The work being done to analyze product/market opportunities also plays a big role in the company’s clinical development strategies. For instance, as Wakim explained, a company’s clinical development plans can have broader implications for its market launch. This is why the company chose to launch its phase 1 clinical trial in Australia with three arms to include the U.S. and EU comparator products. “We chose to leverage the single, pivotal PK studies for the global market, not just the U.S., the EU, or the Western world,” he added. “Our clinical design is in place to ease our entrance into the markets in which we’d like to launch our products.”

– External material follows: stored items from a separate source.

lemma inner_sgn_le_half:
  fixes a b :: "'a::real_inner"
  assumes "a \<noteq> 0" "b \<noteq> 0" "norm a \<le> norm (a - b)" "norm b \<le> norm (a - b)"
  shows "inner (sgn a) (sgn b) \<le> 1 / 2"
proof -
  have "2 * inner a b = (norm a)\<^sup>2 + (norm b)\<^sup>2 - (norm (a - b))\<^sup>2"
    by (simp add: dot_norm_neg)
  moreover have "(norm a)\<^sup>2 \<le> (norm (a - b))\<^sup>2" "(norm b)\<^sup>2 \<le> (norm (a - b))\<^sup>2"
    using assms(3,4) by (simp_all add: power_mono)
  ultimately have bounds: "2 * inner a b \<le> (norm a)\<^sup>2" "2 * inner a b \<le> (norm b)\<^sup>2"
    by linarith+
  have "2 * inner a b \<le> norm a * norm b"
  proof (cases "norm a \<le> norm b")
    case True
    then have "(norm a)\<^sup>2 \<le> norm a * norm b"
      by (simp add: power2_eq_square mult_left_mono)
    with bounds(1) show ?thesis
      by linarith
  next
    case False
    then have "(norm b)\<^sup>2 \<le> norm a * norm b"
      by (simp add: power2_eq_square mult_right_mono)
    with bounds(2) show ?thesis
      by linarith
  qed
  moreover have "inner (sgn a) (sgn b) = inner a b / (norm a * norm b)"
    using assms(1,2) by (simp add: sgn_div_norm field_simps)
  ultimately show ?thesis
    using assms(1,2) by (simp add: divide_le_eq)
qed

lemma pi_div_3_le_arccos:
  fixes u w :: "'a::real_inner"
  assumes "norm u = 1" "norm w = 1" "inner u w \<le> 1 / 2"
  shows "pi / 3 \<le> arccos (inner u w)"
proof -
  have "\<bar>inner u w\<bar> \<le> 1"
    using Cauchy_Schwarz_ineq2[of u w] assms(1,2) by simp
  then have "arccos (1 / 2) \<le> arccos (inner u w)"
    using assms(3) by (intro arccos_le_arccos) auto
  then show ?thesis
    by simp
qed

lemma card_separated_le_kissing_number:
  fixes v :: "'a::euclidean_space"
  assumes "finite C" "v \<notin> C" "separated_around dist v C"
  shows "card C \<le> kissing_number TYPE('a)"
proof -
  let ?direction = "\<lambda>x. sgn (x - v)"
  have unit: "norm (?direction x) = 1" if "x \<in> C" for x
    using assms(2) that by (auto simp: norm_sgn)
  have half: "inner (?direction x) (?direction y) \<le> 1 / 2" if "x \<in> C" "y \<in> C" "x \<noteq> y" for x y
  proof (rule inner_sgn_le_half)
    show "x - v \<noteq> 0" "y - v \<noteq> 0"
      using assms(2) that by auto
    have "dist v x \<le> dist x y" "dist v y \<le> dist y x"
      using assms(3) that unfolding separated_around_def by auto
    then show "norm (x - v) \<le> norm (x - v - (y - v))" "norm (y - v) \<le> norm (x - v - (y - v))"
      by (simp_all add: dist_norm norm_minus_commute)
  qed
  have "inj_on ?direction C"
  proof (rule inj_onI, rule ccontr)
    fix x y assume "x \<in> C" "y \<in> C" "?direction x = ?direction y" "x \<noteq> y"
    then have "inner (?direction x) (?direction x) \<le> 1 / 2"
      using half by metis
    with unit[OF \<open>x \<in> C\<close>] show False
      by (simp add: power2_norm_eq_inner[symmetric])
  qed
  then have "card C = card (?direction ` C)"
    by (simp add: card_image)
  also have "\<dots> \<le> kissing_number TYPE('a)"
  proof (rule card_le_kissing_number)
    show "finite (?direction ` C)" "?direction ` C \<subseteq> sphere 0 1"
      using assms(1) unit by auto
    show "\<forall>u\<in>?direction ` C. \<forall>w\<in>?direction ` C. u \<noteq> w \<longrightarrow> pi / 3 \<le> arccos (inner u w)"
    proof (intro ballI impI)
      fix a b assume "a \<in> ?direction ` C" "b \<in> ?direction ` C" "a \<noteq> b"
      then obtain x y where "x \<in> C" "y \<in> C" "x \<noteq> y" "a = ?direction x" "b = ?direction y"
        by auto
      then show "pi / 3 \<le> arccos (inner a b)"
        using pi_div_3_le_arccos[OF unit unit half] by simp
    qed
  qed
  finally show ?thesis .
qed

section \<open>Euclidean point sets\<close>

text \<open>The chord of min n K from (0, 1/2) to (K, K); it is the source of the 1 / K
  in the approximation factor.\<close>

lemma le_affine_bound_of_le_min:
  fixes x :: real and n K :: nat
  assumes "x \<le> real n" "x \<le> real K"
  shows "x \<le> (1 - 1 / (2 * real K)) * real n + 1 / 2"
proof (cases "n \<le> K")
  case True
  then have "real n / (2 * real K) \<le> 1 / 2"
    by (cases "K = 0") (simp_all add: divide_le_eq)
  with assms(1) show ?thesis
    by (simp add: algebra_simps)
next
  case False
  show ?thesis
  proof (cases "K = 0")
    case True
    with assms(2) show ?thesis
      by simp
  next
    case False
    then have "(1 - 1 / (2 * real K)) * real K \<le> (1 - 1 / (2 * real K)) * real n"
      using \<open>\<not> n \<le> K\<close> by (intro mult_left_mono) (simp_all add: field_simps)
    moreover have "(1 - 1 / (2 * real K)) * real K + 1 / 2 = real K"
      using False by (simp add: algebra_simps)
    ultimately show ?thesis
      using assms(2) by linarith
  qed
qed

lemma sum_le_two_minus_inverse_bound:
  fixes a credit deg :: "'v \<Rightarrow> nat" and K m :: nat
  assumes local: "\<And>u. u \<in> P \<Longrightarrow> a u + credit u \<le> deg u" "\<And>u. u \<in> P \<Longrightarrow> a u + credit u \<le> K"
    and degrees: "(\<Sum>u\<in>P. deg u) \<le> 2 * m" and credits: "card P \<le> 2 * (\<Sum>u\<in>P. credit u)"
  shows "real (\<Sum>u\<in>P. a u) \<le> (2 - 1 / real K) * real m"
proof -
  let ?c = "1 - 1 / (2 * real K)"
  have "0 \<le> ?c"
    by (cases "K = 0") (simp_all add: divide_le_eq)
  have "real (a u + credit u) \<le> ?c * real (deg u) + 1 / 2" if "u \<in> P" for u
    using local[OF that] by (intro le_affine_bound_of_le_min) simp_all
  then have "(\<Sum>u\<in>P. real (a u + credit u)) \<le> (\<Sum>u\<in>P. ?c * real (deg u) + 1 / 2)"
    by (rule sum_mono)
  then have "real (\<Sum>u\<in>P. a u) + real (\<Sum>u\<in>P. credit u) \<le>
      ?c * real (\<Sum>u\<in>P. deg u) + real (card P) / 2"
    by (simp add: sum.distrib sum_distrib_left)
  moreover have "?c * real (\<Sum>u\<in>P. deg u) \<le> ?c * (2 * real m)"
    using degrees \<open>0 \<le> ?c\<close> by (intro mult_left_mono) (simp_all flip: of_nat_sum)
  moreover have "real (card P) \<le> 2 * real (\<Sum>u\<in>P. credit u)"
    using credits by (simp flip: of_nat_sum)
  moreover have "?c * (2 * real m) = (2 - 1 / real K) * real m"
    by (cases "K = 0") (simp_all add: field_simps)
  ultimately show ?thesis
    by linarith
qed

lemma metric_on_dist: "metric_on P dist"
  unfolding metric_on_def by (auto simp: dist_commute dist_triangle)

lemma nash_card_strategy_add_credit_le_kissing_number:
  fixes P :: "'a::euclidean_space set"
  assumes "finite P" "nash_equilibrium P dist s" "nearest_neighbour_map P dist nn" "u \<in> P"
  shows "card (s u) + card (nn_adjacent P nn u \<inter> incoming P s u) \<le> kissing_number TYPE('a)"
proof -
  obtain C where C: "greedy_cover P dist u C" "nn_adjacent P nn u \<subseteq> C" "separated_around dist u C"
    using separated_greedy_cover_extending_nn_adjacent[OF assms(1) metric_on_dist assms(3,4)] .
  then have "finite C" "u \<notin> C"
    using assms(1) unfolding greedy_cover_def by (auto intro: finite_subset)
  have "card (s u) + card (nn_adjacent P nn u \<inter> incoming P s u) \<le> card C"
    by (rule nash_card_strategy_add_incoming_le_cover[OF assms(1) metric_on_dist assms(2,4) C(1,2)])
  also have "\<dots> \<le> kissing_number TYPE('a)"
    by (rule card_separated_le_kissing_number[OF \<open>finite C\<close> \<open>u \<notin> C\<close> C(3)])
  finally show ?thesis .
qed

lemma valid_profile_eq_empty_if_card_le_1:
  assumes "finite P" "card P \<le> 1" "valid_profile P s" "u \<in> P"
  shows "s u = {}"
proof -
  have "P \<subseteq> {u}"
    using assms(1,2,4) by (auto simp: card_le_Suc0_iff_eq)
  then show ?thesis
    using assms(3,4) unfolding valid_profile_def valid_strategy_def by blast
qed

lemma nash_social_cost_le_kissing_bound:
  fixes P :: "'a::euclidean_space set"
  assumes "finite P" "nash_equilibrium P dist s" "social_optimum P dist s'"
  shows "social_cost P dist s \<le> ereal (2 - 1 / real (kissing_number TYPE('a))) * social_cost P dist s'"
proof -
  let ?K = "kissing_number TYPE('a)"
  have gc: "\<forall>x\<in>P. greedy_connected P dist s x"
    using nash_equilibrium_greedy_connected[OF metric_on_dist assms(2)] by blast
  have gc': "\<forall>x\<in>P. greedy_connected P dist s' x"
    using social_optimum_greedy_connected[OF assms(1) metric_on_dist assms(3)] by blast
  have valid: "valid_profile P s" and valid': "valid_profile P s'"
    using assms(2,3) unfolding nash_equilibrium_def social_optimum_def by simp_all
  have "real (\<Sum>u\<in>P. card (s u)) \<le> (2 - 1 / real ?K) * real (\<Sum>u\<in>P. card (s' u))"
  proof (cases "2 \<le> card P")
    case False
    then have "(\<Sum>u\<in>P. card (s u)) = 0"
      using valid_profile_eq_empty_if_card_le_1[OF assms(1) _ valid] by simp
    moreover have "1 / real ?K \<le> 2"
      by (cases "?K = 0") (simp_all add: divide_le_eq)
    ultimately show ?thesis
      by (simp add: sum_nonneg)
  next
    case True
    obtain nn where nn: "nearest_neighbour_map P dist nn"
      using nearest_neighbour_map_exists[OF assms(1) True] .
    show ?thesis
    proof (rule sum_le_two_minus_inverse_bound[where deg = "\<lambda>u. card (neighbours P s' u)"
          and credit = "\<lambda>u. card (nn_adjacent P nn u \<inter> incoming P s u)"])
      show "card (s u) + card (nn_adjacent P nn u \<inter> incoming P s u) \<le> card (neighbours P s' u)"
        if "u \<in> P" for u
        by (rule nash_card_strategy_add_credit_le_degree[OF assms(1) metric_on_dist assms(2) nn valid' gc' that])
      show "card (s u) + card (nn_adjacent P nn u \<inter> incoming P s u) \<le> ?K" if "u \<in> P" for u
        by (rule nash_card_strategy_add_credit_le_kissing_number[OF assms(1,2) nn that])
      show "(\<Sum>u\<in>P. card (neighbours P s' u)) \<le> 2 * (\<Sum>u\<in>P. card (s' u))"
        by (rule sum_card_neighbours_le[OF assms(1) valid'])
      show "card P \<le> 2 * (\<Sum>u\<in>P. card (nn_adjacent P nn u \<inter> incoming P s u))"
        by (rule card_le_twice_sum_nn_credit[OF assms(1) nn gc])
    qed
  qed
  then show ?thesis
    unfolding social_cost_eq_sum_card[OF gc] social_cost_eq_sum_card[OF gc'] by simp
qed

theorem mainTheorem14:
  shows "(\<forall>(P :: 'a::euclidean_space set) s sopt.
            finite P \<and> nash_equilibrium P dist s \<and> social_optimum P dist sopt \<longrightarrow>
            social_cost P dist s \<le> ereal (2 - 1 / real (kissing_number TYPE('a))) * social_cost P dist sopt)
       \<and> (\<forall>(P :: 'b set) (d :: 'b \<Rightarrow> 'b \<Rightarrow> real) s sopt.
            finite P \<and> card P \<ge> 2 \<and> metric_on P d \<and> nash_equilibrium P d s \<and> social_optimum P d sopt \<longrightarrow>
            social_cost P d s < 2 * social_cost P d sopt)"
  using nash_social_cost_le_kissing_bound nash_social_cost_less_twice_optimum by blast

end
lemma sum_coeff_dt_softmax_dw_nonneg:
  assumes t: "0 \<le> t" "t \<le> pi/2"
  shows "0 \<le> (\<Sum>k\<in>K. \<Sum>a\<in>UNIV. path_coeff_dt t k a * softmax_dw t k a w)"
proof -
  define p where "p = softmax K b (process t w)"
  have "(\<Sum>a\<in>UNIV. path_coeff_dt t k a * softmax_dw t k a w)
      = b * (p k * cross_cov t k k - (\<Sum>l\<in>K. p k * p l * cross_cov t k l))" for k
  proof -
    have "(\<Sum>a\<in>UNIV. path_coeff_dt t k a * softmax_dw t k a w)
        = (\<Sum>a\<in>UNIV. b * p k * (path_coeff_dt t k a * path_coeff t k a)
            - b * p k * (\<Sum>l\<in>K. p l * (path_coeff_dt t k a * path_coeff t l a)))"
      unfolding softmax_dw_def p_def[symmetric]
      by (intro sum.cong refl) (simp add: algebra_simps sum_distrib_left)
    also have "\<dots> = b * p k * cross_cov t k k - b * p k * (\<Sum>l\<in>K. p l * cross_cov t k l)"
      unfolding cross_cov_def
      by (simp add: sum_subtractf sum_distrib_left[symmetric])
        (subst sum.swap, simp add: sum_distrib_left)
    finally show ?thesis by (simp add: algebra_simps sum_distrib_left)
  qed
  then have "(\<Sum>k\<in>K. \<Sum>a\<in>UNIV. path_coeff_dt t k a * softmax_dw t k a w)
      = b * ((\<Sum>k\<in>K. p k * cross_cov t k k) - (\<Sum>k\<in>K. \<Sum>l\<in>K. p k * p l * cross_cov t k l))"
    by (simp only: sum_distrib_left[symmetric] sum_subtractf)
  moreover have "(\<Sum>k\<in>K. \<Sum>l\<in>K. p k * p l * cross_cov t k l) \<le> (\<Sum>k\<in>K. p k * cross_cov t k k)"
    by (rule sum_diag_ge_quadratic_form[OF K(1)])
      (use softmax_nonneg sum_softmax[OF K] cross_cov_increment_nonneg[OF t] in \<open>auto simp: p_def\<close>)
  ultimately show ?thesis
    using b by simp
qed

I appreciated Sunstrom’s level-headed look at the current landscape for a small company trying to make it in what is not, traditionally, a cost-effective development model. “It can be incredibly tough for a small company to do it all in biosimilars,” she said. “Everything is expensive, even when you do it by yourself.” And in this current environment where you have large, financially robust companies investing in biosimilar development, it’s easy for production efficiency to fall by the wayside.

In its earliest days, NeuClone was one of the only companies openly stressing the costs of developing biosimilars. Many companies investing in biosimilars jumped into development with no-holds-barred, spending millions on over-the-top, elaborate clinical studies. (If you look at some of the earliest FDA assessment reports for biosimilars, it’s stunning to note just how much effort went into providing additional clinical evidence.)

Sunstrom attributes the company’s ongoing success with its continued efforts to promote greater efficiency in biosimilar development, especially as conversations globally begin emphasizing overall sustainability.

“When we started, cost of goods was never discussed, but today, it’s one of the first questions we receive from partners,” she said. “I think our early and sustained focus on cost and affordability — which was borne out of necessity as a small company — has helped us survive and remain competitive.”